First of all, lmao, especially to the sink hose and the headlight slippers!  But the talk of inside jokes made me think of one of them that my DH and I have.  (we practically have our own language).

We lived with my 86 year-old grandmother for a while while our house was being built (she and my hubby are RIDICULOUSLY close... I always told him, "look, if you wanna go sleep in Nan's room, it's cool!").  She's not your typical grandmother.  She's very fun and bawdy and EVERYONE loves her (it's pretty disgusting actually... but it happens everywhere we go 100% across the board! ).  Anyway, she worked at Revlon as a bigwig for a million years and she's ALWAYS telling us the same stories, again and again.  I usually shut her down, but Nick lets her keep going (because he's WAY more polite than I am... and they're in love).  We've heard the same stories about the same people so many times at this point that we could tell them better than she can... or close to it.  
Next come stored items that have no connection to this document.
(* Let $P=\sum_{k=0}^nq^kP_k(D)\in\mathbb{C}[q][D]$ with $D=q\frac{d}{dq}$, and let $\widetilde P=\sum_{k=0}^nq^kP_k(D)(D+1)(D+2)\cdots(D+k)$. Fix $N\geq0$ and let $R=\mathbb{C}[\varepsilon]/(\varepsilon^{N+1})$. If $I=\sum_{i,j}a_{ij}q^i\varepsilon^j\in\mathbb{C}[[q]]\otimes R$ is a perturbed solution of $P$, then $$\widetilde I=\sum_{i,j}a_{ij}q^i\varepsilon^j(\varepsilon+1)(\varepsilon+2)\cdots(\varepsilon+i)$$ is a perturbed solution of $\widetilde P$.
   Context: Write a series $J\in\mathbb{C}[[q]]\otimes R$ as $J=\sum_{j=0}^NJ^j(q)\varepsilon^j$ and put $J_r=\sum_{m=0}^rJ^{r-m}(q)\,t^m/m!\in\mathbb{C}[[q]][t]$. Operators act on $\mathbb{C}[[q]][t]$ via $D(f(q)t^m)=qf'(q)t^m+mf(q)t^{m-1}$, with $q$ acting by multiplication. $J$ is a perturbed solution of an operator $Q$ if $QJ_r=0$ for all $0\leq r\leq N$. *)

theory Defs
  imports "HOL-Computational_Algebra.Computational_Algebra"
begin

text \<open>Elements of C[[q]][t] are modelled as complex fps poly (polynomials in t with
  coefficients power series in q).  The operator D acts by
  D(f t^m) = q f'(q) t^m + m f t^(m-1).\<close>

definition Dop :: "complex fps poly \<Rightarrow> complex fps poly" where
  "Dop p = map_poly (\<lambda>f. fps_X * fps_deriv f) p + pderiv p"

definition polyD :: "complex poly \<Rightarrow> complex fps poly \<Rightarrow> complex fps poly" where
  "polyD p g = (\<Sum>l\<le>degree p. smult (fps_const (coeff p l)) ((Dop ^^ l) g))"

definition applyOp :: "nat \<Rightarrow> (nat \<Rightarrow> complex poly) \<Rightarrow> complex fps poly \<Rightarrow> complex fps poly" where
  "applyOp n Ps g = (\<Sum>k\<le>n. smult (fps_X ^ k) (polyD (Ps k) g))"

text \<open>A series J in C[[q]] tensor C[eps]/(eps^(N+1)) is given by its components J j = J^j(q),
  j = 0..N.  J_r = sum_{m=0}^r J^{r-m}(q) t^m / m!.\<close>
definition Jr :: "(nat \<Rightarrow> complex fps) \<Rightarrow> nat \<Rightarrow> complex fps poly" where
  "Jr J r = (\<Sum>m\<le>r. monom (fps_const (1 / fact m) * J (r - m)) m)"

definition perturbed_solution :: "nat \<Rightarrow> nat \<Rightarrow> (nat \<Rightarrow> complex poly) \<Rightarrow> (nat \<Rightarrow> complex fps) \<Rightarrow> bool" where
  "perturbed_solution N n Ps J \<longleftrightarrow> (\<forall>r\<le>N. applyOp n Ps (Jr J r) = 0)"

definition rising :: "nat \<Rightarrow> complex poly" where
  "rising k = (\<Prod>l\<in>{1..k}. [:of_nat l, 1:])"

definition Ptilde :: "(nat \<Rightarrow> complex poly) \<Rightarrow> nat \<Rightarrow> complex poly" where
  "Ptilde Ps k = Ps k * rising k"

text \<open>I-tilde: the eps^j-component of sum a_ij q^i eps^j (eps+1)...(eps+i) in R,
  where a_ij = fps_nth (I j) i.\<close>
definition Itilde :: "(nat \<Rightarrow> complex fps) \<Rightarrow> nat \<Rightarrow> complex fps" where
  "Itilde I j = Abs_fps (\<lambda>i. \<Sum>j'\<le>j. fps_nth (I j') i * coeff (rising i) (j - j'))"

end

theory Submission
  imports Defs
begin

text \<open>
  A series \<open>J\<close> with \<open>\<epsilon>\<close>-components \<open>J\<^sup>j\<close> is encoded by the sequence \<open>J_r\<close>
  in such a way that the operator \<open>D\<close> on \<open>J_r\<close> becomes \<open>D + \<epsilon>\<close> on \<open>J\<close>; hence \<open>J\<close> is a
  perturbed solution of \<open>P\<close> iff \<open>P(D + \<epsilon>) J = 0\<close> in \<open>\<complex>[[q]] \<otimes> R\<close>.
  On the coefficient \<open>a\<^sub>i(\<epsilon>)\<close> of \<open>q\<^sup>i\<close> the operator \<open>D + \<epsilon>\<close> is multiplication by \<open>i + \<epsilon>\<close>,
  so the \<open>q\<^sup>m\<close>-coefficient of \<open>P(D + \<epsilon>) J\<close> is \<open>\<Sum>\<^sub>k P\<^sub>k(m - k + \<epsilon>) a\<^sub>m\<^sub>-\<^sub>k(\<epsilon>)\<close>.
  Passing to \<open>\<widetilde>P\<close> and \<open>\<widetilde>I\<close> multiplies the \<open>k\<close>-th summand by
  \<open>(m-k+1+\<epsilon>)\<cdots>(m+\<epsilon>) \<cdot> (1+\<epsilon>)\<cdots>(m-k+\<epsilon>) = (1+\<epsilon>)\<cdots>(m+\<epsilon>)\<close>, independently of \<open>k\<close>.
  Thus the \<open>q\<^sup>m\<close>-coefficient of \<open>\<widetilde>P(D + \<epsilon>) \<widetilde>I\<close> is that of \<open>P(D + \<epsilon>) I\<close> times a
  polynomial in \<open>\<epsilon>\<close>, which vanishes modulo \<open>\<epsilon>\<^sup>N\<^sup>+\<^sup>1\<close> whenever the latter does.
\<close>

lemma of_nat_Suc_div_fact_Suc:
  "of_nat (Suc m) * (1 / fact (Suc m)) = (1 / fact m :: 'a :: field_char_0)"
  by (simp add: field_simps del: of_nat_Suc)

lemma fps_of_poly_pcompose_eq_sum:
  fixes p q :: "'a :: comm_ring_1 poly"
  shows "fps_of_poly (pcompose p q) = (\<Sum>l\<le>degree p. fps_const (coeff p l) * fps_of_poly q ^ l)"
proof -
  have "degree (map_poly (\<lambda>x. [:x:]) p) = degree p"
    by (rule degree_map_poly) simp
  then have "pcompose p q = (\<Sum>l\<le>degree p. smult (coeff p l) (q ^ l))"
    by (simp add: pcompose_altdef poly_altdef coeff_map_poly)
  then show ?thesis
    by (simp add: fps_of_poly_sum fps_of_poly_smult fps_of_poly_power)
qed

lemma fps_mult_nth_eq_0:
  fixes f g :: "'a :: semiring_0 fps"
  assumes "\<And>i. i \<le> j \<Longrightarrow> g $ i = 0"
  shows "(f * g) $ j = 0"
  using assms by (simp add: fps_mult_nth)

lemma coeff_Jr: "coeff (Jr J r) m = (if m \<le> r then fps_const (1 / fact m) * J (r - m) else 0)"
  unfolding Jr_def by (simp add: coeff_sum coeff_monom)

lemma Jr_eq_0_iff: "Jr J r = 0 \<longleftrightarrow> (\<forall>j\<le>r. J j = 0)"
proof
  assume Jr_0: "Jr J r = 0"
  show "\<forall>j\<le>r. J j = 0"
  proof (intro allI impI)
    fix j
    assume "j \<le> r"
    then have "coeff (Jr J r) (r - j) = fps_const (1 / fact (r - j)) * J j"
      by (simp add: coeff_Jr)
    with Jr_0 show "J j = 0"
      by simp
  qed
qed (auto intro!: poly_eqI simp: coeff_Jr)

lemma Jr_smult: "smult c (Jr J r) = Jr (\<lambda>j. c * J j) r"
  by (rule poly_eqI) (simp add: coeff_Jr algebra_simps)

lemma Jr_sum: "finite S \<Longrightarrow> (\<Sum>x\<in>S. Jr (F x) r) = Jr (\<lambda>j. \<Sum>x\<in>S. F x j) r"
  by (rule poly_eqI) (simp add: coeff_Jr coeff_sum sum_distrib_left)

definition Dop_eps :: "(nat \<Rightarrow> complex fps) \<Rightarrow> nat \<Rightarrow> complex fps" where
  "Dop_eps J j = fps_X * fps_deriv (J j) + (if j = 0 then 0 else J (j - 1))"

lemma coeff_Dop:
  "coeff (Dop p) m = fps_X * fps_deriv (coeff p m) + of_nat (Suc m) * coeff p (Suc m)"
  unfolding Dop_def by (simp add: coeff_map_poly coeff_pderiv)

lemma Dop_Jr: "Dop (Jr J r) = Jr (Dop_eps J) r"
proof (rule poly_eqI)
  fix m
  have fact_step:
    "of_nat (Suc m) * fps_const (1 / fact (Suc m)) = (fps_const (1 / fact m) :: complex fps)"
    by (simp only: fps_of_nat[symmetric] fps_const_mult of_nat_Suc_div_fact_Suc)
  show "coeff (Dop (Jr J r)) m = coeff (Jr (Dop_eps J) r) m"
  proof (cases "m < r")
    case True
    then have "r - m = Suc (r - Suc m)" by simp
    then show ?thesis
      using True
      by (simp add: coeff_Dop coeff_Jr Dop_eps_def fact_step algebra_simps del: fact_Suc of_nat_Suc)
  qed (auto simp: coeff_Dop coeff_Jr Dop_eps_def)
qed

lemma funpow_Dop_Jr: "(Dop ^^ l) (Jr J r) = Jr ((Dop_eps ^^ l) J) r"
  by (induction l) (simp_all add: Dop_Jr)

definition applyOp_eps ::
    "nat \<Rightarrow> (nat \<Rightarrow> complex poly) \<Rightarrow> (nat \<Rightarrow> complex fps) \<Rightarrow> nat \<Rightarrow> complex fps" where
  "applyOp_eps n Ps J j =
    (\<Sum>k\<le>n. fps_X ^ k * (\<Sum>l\<le>degree (Ps k). fps_const (coeff (Ps k) l) * (Dop_eps ^^ l) J j))"

lemma applyOp_Jr: "applyOp n Ps (Jr J r) = Jr (applyOp_eps n Ps J) r"
  unfolding applyOp_def polyD_def applyOp_eps_def funpow_Dop_Jr
  by (simp add: Jr_smult Jr_sum sum_distrib_left)

lemma perturbed_solution_iff:
  "perturbed_solution N n Ps J \<longleftrightarrow> (\<forall>j\<le>N. applyOp_eps n Ps J j = 0)"
  unfolding perturbed_solution_def applyOp_Jr Jr_eq_0_iff by auto

definition qcoeff :: "(nat \<Rightarrow> 'a fps) \<Rightarrow> nat \<Rightarrow> 'a fps" where
  "qcoeff J i = Abs_fps (\<lambda>j. J j $ i)"

lemma qcoeff_nth [simp]: "qcoeff J i $ j = J j $ i"
  by (simp add: qcoeff_def)

lemma qcoeff_Dop_eps: "qcoeff (Dop_eps J) i = (of_nat i + fps_X) * qcoeff J i"
  by (rule fps_ext) (cases i, auto simp: Dop_eps_def distrib_right)

lemma qcoeff_funpow_Dop_eps:
  "qcoeff ((Dop_eps ^^ l) J) i = (of_nat i + fps_X) ^ l * qcoeff J i"
  by (induction l) (simp_all add: qcoeff_Dop_eps)

lemma funpow_Dop_eps_nth:
  "(Dop_eps ^^ l) J j $ i = ((of_nat i + fps_X) ^ l * qcoeff J i) $ j"
  by (metis qcoeff_funpow_Dop_eps qcoeff_nth)

lemma qcoeff_applyOp_eps:
  "qcoeff (applyOp_eps n Ps J) m =
    (\<Sum>k\<le>n. if k \<le> m
      then fps_of_poly (pcompose (Ps k) [:of_nat (m - k), 1:]) * qcoeff J (m - k) else 0)"
proof (rule fps_ext)
  fix j
  have "qcoeff (applyOp_eps n Ps J) m $ j =
      (\<Sum>k\<le>n. if k \<le> m then (\<Sum>l\<le>degree (Ps k). fps_const (coeff (Ps k) l)
         * (of_nat (m - k) + fps_X) ^ l * qcoeff J (m - k)) $ j else 0)"
    unfolding qcoeff_nth applyOp_eps_def
    by (auto simp: fps_sum_nth fps_X_power_mult_nth funpow_Dop_eps_nth mult.assoc intro!: sum.cong)
  also have "\<dots> = (\<Sum>k\<le>n. if k \<le> m
      then fps_of_poly (pcompose (Ps k) [:of_nat (m - k), 1:]) * qcoeff J (m - k) else 0) $ j"
    unfolding fps_sum_nth
    by (intro sum.cong refl) (simp add: fps_of_poly_pcompose_eq_sum fps_of_poly_pCons fps_of_nat
        sum_distrib_right fps_sum_nth del: of_nat_diff)
  finally show "qcoeff (applyOp_eps n Ps J) m $ j = \<dots>" .
qed

lemma pcompose_rising_mult_rising:
  "pcompose (rising k) [:of_nat i, 1:] * rising i = rising (i + k)"
proof -
  have "pcompose (rising k) [:of_nat i, 1:] = (\<Prod>l\<in>{1..k}. [:of_nat (l + i), 1:])"
    unfolding rising_def pcompose_prod by (simp add: pcompose_pCons algebra_simps)
  also have "\<dots> = (\<Prod>l\<in>{i+1..i+k}. [:of_nat l, 1:])"
    using prod.shift_bounds_cl_nat_ivl[of "\<lambda>l. [:of_nat l, 1:] :: complex poly" 1 i k]
    by (simp add: add.commute)
  finally have "pcompose (rising k) [:of_nat i, 1:] * rising i
      = (\<Prod>l\<in>{i+1..i+k}. [:of_nat l, 1:]) * (\<Prod>l\<in>{1..i}. [:of_nat l, 1:])"
    by (simp add: rising_def)
  also have "\<dots> = (\<Prod>l\<in>{i+1..i+k} \<union> {1..i}. [:of_nat l, 1:])"
    by (rule prod.union_disjoint[symmetric]) auto
  also have "{i+1..i+k} \<union> {1..i} = {1..i+k}" by auto
  finally show ?thesis by (simp add: rising_def)
qed

lemma qcoeff_Itilde: "qcoeff (Itilde I) i = qcoeff I i * fps_of_poly (rising i)"
  by (rule fps_ext) (simp add: Itilde_def fps_mult_nth atLeast0AtMost)

lemma qcoeff_applyOp_eps_tilde:
  "qcoeff (applyOp_eps n (Ptilde Ps) (Itilde I)) m
    = fps_of_poly (rising m) * qcoeff (applyOp_eps n Ps I) m"
  unfolding qcoeff_applyOp_eps sum_distrib_left
proof (rule sum.cong)
  fix k
  let ?shift = "\<lambda>p. fps_of_poly (pcompose p [:of_nat (m - k), 1:])"
  assume "k \<in> {..n}"
  show "(if k \<le> m then ?shift (Ptilde Ps k) * qcoeff (Itilde I) (m - k) else 0) =
        fps_of_poly (rising m) * (if k \<le> m then ?shift (Ps k) * qcoeff I (m - k) else 0)"
  proof (cases "k \<le> m")
    case True
    have "?shift (Ptilde Ps k) * qcoeff (Itilde I) (m - k)
        = ?shift (Ps k) * qcoeff I (m - k) * (?shift (rising k) * fps_of_poly (rising (m - k)))"
      by (simp add: Ptilde_def qcoeff_Itilde pcompose_mult fps_of_poly_mult algebra_simps)
    also have "?shift (rising k) * fps_of_poly (rising (m - k)) = fps_of_poly (rising m)"
      using True pcompose_rising_mult_rising[of k "m - k"]
      by (simp only: le_add_diff_inverse2 flip: fps_of_poly_mult)
    finally show ?thesis
      using True by (simp add: algebra_simps)
  qed simp
qed simp

theorem corollary2p2p5:
  fixes N n :: nat and Ps :: "nat \<Rightarrow> complex poly" and I :: "nat \<Rightarrow> complex fps"
  assumes "perturbed_solution N n Ps I"
  shows "perturbed_solution N n (Ptilde Ps) (Itilde I)"
proof -
  have vanish: "applyOp_eps n Ps I j = 0" if "j \<le> N" for j
    using assms that by (simp add: perturbed_solution_iff)
  have "applyOp_eps n (Ptilde Ps) (Itilde I) j $ m = 0" if "j \<le> N" for j m
  proof -
    have "applyOp_eps n (Ptilde Ps) (Itilde I) j $ m
        = (fps_of_poly (rising m) * qcoeff (applyOp_eps n Ps I) m) $ j"
      by (simp flip: qcoeff_applyOp_eps_tilde)
    also have "\<dots> = 0"
      using vanish that by (intro fps_mult_nth_eq_0) simp
    finally show ?thesis .
  qed
  then show ?thesis
    by (simp add: perturbed_solution_iff fps_eq_iff)
qed

end
lemma card_R33_maximal_matchings_3_le:
  "card {M. maximal_matching (R33_E n) M \<and> card M = 3} \<le> n - 5"
proof -
  have "M \<in> (\<lambda>k. {{1, k}, {0, 2}, {3, 4}}) ` {5..<n}"
    if "maximal_matching (R33_E n) M" and "card M = 3" for M
  proof -
    have "matching (R33_E n) M" using that(1) unfolding maximal_matching_def by blast
    then show ?thesis using R33_matching_card_3 that(2) by blast
  qed
  then have "{M. maximal_matching (R33_E n) M \<and> card M = 3}
      \<subseteq> (\<lambda>k. {{1, k}, {0, 2}, {3, 4}}) ` {5..<n}"
    by blast
  then have "card {M. maximal_matching (R33_E n) M \<and> card M = 3} \<le> card {5..<n :: nat}"
    by (meson card_image_le card_mono finite_atLeastLessThan finite_imageI order_trans)
  then show ?thesis by simp
qed

lemma card_R33_maximal_matchings_not_3_ge:
  "2 * (n - 5) + 1 \<le> card {M. maximal_matching (R33_E n) M \<and> card M \<noteq> 3}"
proof -
  let ?leaf = "\<lambda>(k, j). {{1, k}, {0, j :: nat}}"
  have inj: "inj_on ?leaf ({5..<n} \<times> {3, 4})"
    unfolding inj_on_def by (clarsimp simp: doubleton_eq_iff)
  have "{{0, 1}, {3, 4}} \<notin> ?leaf ` ({5..<n} \<times> {3, 4})"
    by (clarsimp simp: doubleton_eq_iff)
  then have "2 * (n - 5) + 1 = card (insert {{0, 1}, {3, 4}} (?leaf ` ({5..<n} \<times> {3, 4})))"
    using card_image[OF inj] by simp
  also have "\<dots> \<le> card {M. maximal_matching (R33_E n) M \<and> card M \<noteq> 3}"
  proof (rule card_mono)
    show "finite {M. maximal_matching (R33_E n) M \<and> card M \<noteq> 3}"
      using finite_maximal_matchings[OF finite_R33_E] by simp
    show "insert {{0, 1}, {3, 4}} (?leaf ` ({5..<n} \<times> {3, 4}))
        \<subseteq> {M. maximal_matching (R33_E n) M \<and> card M \<noteq> 3}"
      using R33_maximal_matching_01_34 R33_maximal_matching_leaf
      by (auto simp: card_insert_if doubleton_eq_iff)
  qed
  finally show ?thesis .
qed

lemma avm_R33_less_seven_thirds: "avm (R33_E n) < 7/3"
  unfolding avm_def
proof (rule average_less_seven_thirds)
  let ?A = "{M. maximal_matching (R33_E n) M}"
  show "finite ?A" using finite_maximal_matchings[OF finite_R33_E] .
  show "\<forall>M\<in>?A. card M \<le> 3" using R33_matching_card_le_3 unfolding maximal_matching_def by blast
  show "2 * card {M\<in>?A. card M = 3} < card {M\<in>?A. card M \<noteq> 3}"
    using card_R33_maximal_matchings_3_le[of n] card_R33_maximal_matchings_not_3_ge[of n] by simp
qed

section \<open>Sparse connected graphs\<close>

lemma simple_graph_edgeE:
  assumes "simple_graph V E" and "e \<in> E"
  obtains x y where "e = {x, y}" "x \<noteq> y" "x \<in> V" "y \<in> V"
  using assms unfolding simple_graph_def by blast

lemma simple_graph_edgeD:
  assumes "simple_graph V E" and "{x, y} \<in> E"
  shows "x \<in> V" "y \<in> V" "x \<noteq> y"
  using simple_graph_edgeE[OF assms] by (auto simp: doubleton_eq_iff)

lemma simple_graph_edge_at:
  assumes "simple_graph V E" and "g \<in> E" and "x \<in> g"
  obtains z where "g = {x, z}" "z \<noteq> x"
  using simple_graph_edgeE[OF assms(1,2)] assms(3) by (metis insert_commute insert_iff singletonD)

lemma simple_graph_empty_notin: "simple_graph V E \<Longrightarrow> {} \<notin> E"
  by (auto elim: simple_graph_edgeE)

lemma simple_graph_finite_edges:
  assumes "simple_graph V E"
  shows "finite E"
proof (rule finite_subset)
  show "E \<subseteq> Pow V" using assms by (auto elim: simple_graph_edgeE)
  show "finite (Pow V)" using assms unfolding simple_graph_def by simp
qed

lemma simple_graph_card_edge: "simple_graph V E \<Longrightarrow> e \<in> E \<Longrightarrow> card e = 2"
  by (auto elim: simple_graph_edgeE)

lemma simple_graph_card_Union_le:
  assumes "simple_graph V E" and "M \<subseteq> E"
  shows "card (\<Union>M) \<le> 2 * card M"
proof -
  have "card (\<Union>M) \<le> sum card M" by (rule card_Union_le_sum_card)
  also have "\<dots> = 2 * card M"
    using assms simple_graph_card_edge[OF assms(1)] by (simp add: subset_iff)
  finally show ?thesis .
qed

lemma simple_graph_finite_Union:
  assumes "simple_graph V E" and "M \<subseteq> E"
  shows "finite (\<Union>M)"
proof (rule finite_subset)
  show "\<Union>M \<subseteq> V" using assms by (auto elim: simple_graph_edgeE)
  show "finite V" using assms(1) unfolding simple_graph_def by simp
qed

lemma rtranclp_adj_crossing_edge:
  assumes "(adj E)\<^sup>*\<^sup>* x y" and "x \<in> U" and "y \<notin> U"
  obtains a b where "a \<in> U" "b \<notin> U" "{a, b} \<in> E"
  using assms(1,3)
proof (induction rule: rtranclp_induct)
  case base
  with assms(2) show ?case by blast
next
  case (step y z)
  then show ?case unfolding adj_def by (cases "y \<in> U") blast+
qed

text \<open>Each vertex outside a connected set can be attached by an edge leaving the set,
  so growing U to V adds at least one edge per vertex.\<close>

lemma connected_card_inner_edges:
  assumes "simple_graph V E" and "connected_graph V E" and "U \<subseteq> V" and "U \<noteq> {}"
  shows "card {f\<in>E. f \<subseteq> U} + card (V - U) \<le> card E"
  using assms(3,4)
proof (induction "card (V - U)" arbitrary: U)
  case 0
  have "card {f\<in>E. f \<subseteq> U} \<le> card E"
    using simple_graph_finite_edges[OF assms(1)] by (intro card_mono) auto
  with 0 show ?case by linarith
next
  case (Suc k)
  have finV: "finite V" using assms(1) unfolding simple_graph_def by blast
  have "V - U \<noteq> {}" using Suc.hyps(2) by force
  then obtain y where y: "y \<in> V - U" by blast
  obtain x where x: "x \<in> U" using Suc.prems(2) by blast
  with y Suc.prems(1) assms(2) have "(adj E)\<^sup>*\<^sup>* x y" unfolding connected_graph_def by blast
  with x y obtain a b where ab: "a \<in> U" "b \<notin> U" "{a, b} \<in> E"
    by (auto elim: rtranclp_adj_crossing_edge)
  have b: "b \<in> V" using simple_graph_edgeD[OF assms(1) ab(3)] by blast
  have "V - insert b U = (V - U) - {b}" by blast
  with Suc.hyps(2) b ab(2) finV have k: "k = card (V - insert b U)" by simp
  have finE: "finite E" using simple_graph_finite_edges[OF assms(1)] .
  have "{a, b} \<notin> {f\<in>E. f \<subseteq> U}" using ab by blast
  with finE have "card {f\<in>E. f \<subseteq> U} + 1 = card (insert {a, b} {f\<in>E. f \<subseteq> U})" by simp
  also have "\<dots> \<le> card {f\<in>E. f \<subseteq> insert b U}"
    using ab finE by (intro card_mono) auto
  finally have "card {f\<in>E. f \<subseteq> U} + 1 \<le> card {f\<in>E. f \<subseteq> insert b U}" .
  moreover have "card {f\<in>E. f \<subseteq> insert b U} + card (V - insert b U) \<le> card E"
    using Suc.hyps(1)[OF k] Suc.prems b by blast
  ultimately show ?case using Suc.hyps(2) k by linarith
qed

lemma bicyclic_card_inner_edges:
  assumes "simple_graph V E" and "connected_graph V E" and "card E = card V + 1"
    and "U \<subseteq> V"
  shows "card {f\<in>E. f \<subseteq> U} \<le> card U + 1"
proof (cases "U = {}")
  case True
  then have "{f\<in>E. f \<subseteq> U} = {}" using simple_graph_empty_notin[OF assms(1)] by auto
  then show ?thesis by (metis card.empty zero_le)
next
  case False
  have "finite V" using assms(1) unfolding simple_graph_def by blast
  then have "card V = card U + card (V - U)"
    using assms(4) by (metis card_Diff_subset card_mono finite_subset le_add_diff_inverse)
  then show ?thesis using connected_card_inner_edges[OF assms(1,2,4) False] assms(3) by linarith
qed

lemma mod_less_of_less: "i < n \<Longrightarrow> m mod n < (n :: nat)"
  by simp

lemma Suc_mod_neq: "2 \<le> p \<Longrightarrow> i < p \<Longrightarrow> Suc i mod p \<noteq> i"
  by (auto simp: mod_Suc)

lemma Suc_Suc_mod_neq: "3 \<le> p \<Longrightarrow> i < p \<Longrightarrow> Suc (Suc i mod p) mod p \<noteq> i"
  by (auto simp: mod_Suc)

definition cycle_edges :: "'a list \<Rightarrow> 'a set set" where
  "cycle_edges c = (\<lambda>i. {c ! i, c ! (Suc i mod length c)}) ` {..<length c}"

lemma finite_cycle_edges [simp]: "finite (cycle_edges c)"
  unfolding cycle_edges_def by simp

lemma is_cycle_nth_eq_iff:
  "is_cycle E c \<Longrightarrow> i < length c \<Longrightarrow> j < length c \<Longrightarrow> c ! i = c ! j \<longleftrightarrow> i = j"
  unfolding is_cycle_def by (simp add: nth_eq_iff_index_eq)

lemma is_cycle_edge: "is_cycle E c \<Longrightarrow> i < length c \<Longrightarrow> {c ! i, c ! (Suc i mod length c)} \<in> E"
  unfolding is_cycle_def adj_def by simp

lemma is_cycle_edge_Suc: "is_cycle E c \<Longrightarrow> Suc i < length c \<Longrightarrow> {c ! i, c ! Suc i} \<in> E"
  using is_cycle_edge[of E c i] by simp

lemma is_cycle_edge_last:
  assumes "is_cycle E c"
  shows "{c ! 0, c ! (length c - 1)} \<in> E"
proof -
  have "length c \<ge> 3" using assms unfolding is_cycle_def by blast
  then have "{c ! (length c - 1), c ! (Suc (length c - 1) mod length c)} \<in> E"
    by (intro is_cycle_edge[OF assms]) simp
  moreover have "Suc (length c - 1) = length c" using \<open>length c \<ge> 3\<close> by simp
  ultimately show ?thesis by (simp add: insert_commute)
qed

lemma cycle_edges_subset: "is_cycle E c \<Longrightarrow> cycle_edges c \<subseteq> E"
  unfolding cycle_edges_def using is_cycle_edge by blast

lemma cycle_edge_subset_set: "f \<in> cycle_edges c \<Longrightarrow> f \<subseteq> set c"
  unfolding cycle_edges_def by (auto intro: nth_mem mod_less_of_less)

lemma set_cycle_subset:
  assumes "simple_graph V E" and "is_cycle E c"
  shows "set c \<subseteq> V"
proof
  fix x assume "x \<in> set c"
  then obtain i where "i < length c" "x = c ! i" by (auto simp: in_set_conv_nth)
  with assms(2) have "{x, c ! (Suc i mod length c)} \<in> E" by (simp add: is_cycle_edge)
  then show "x \<in> V" using simple_graph_edgeD[OF assms(1)] by blast
qed

lemma doubleton_nth_in_cycle_edges_iff:
  assumes "is_cycle E c" and "i < length c" and "j < length c"
  shows "{c ! i, c ! j} \<in> cycle_edges c \<longleftrightarrow> j = Suc i mod length c \<or> i = Suc j mod length c"
proof -
  have "{c ! i, c ! j} = {c ! k, c ! (Suc k mod length c)} \<longleftrightarrow>
      (i = k \<and> j = Suc k mod length c) \<or> (j = k \<and> i = Suc k mod length c)"
    if "k < length c" for k
    using that assms is_cycle_nth_eq_iff[OF assms(1)] mod_less_of_less[OF that]
    by (auto simp: doubleton_eq_iff)
  then show ?thesis using assms(2,3) unfolding cycle_edges_def by auto
qed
Now, when one of us starts to tell the other something that we've already told the other, we say "yeah yeah yeah, Jordan Wilkins."  Or you may be in the middle of telling something and you'll get interrupted with "mmm hmm, Pete Sharkey."  
One of the best times was in her kitchen, Nick started telling a story and he said something about playing basketball with Jordan Wilkins and Nan said "YOU KNOW JORDAN WILKINS?!?"  Nick started spouting off all of these facts about Jordan Wilkins and she was just beside herself that Nick knew the name.  (sigh...) oh Nan....


Anyway, go about your business... (quietly exits)


----------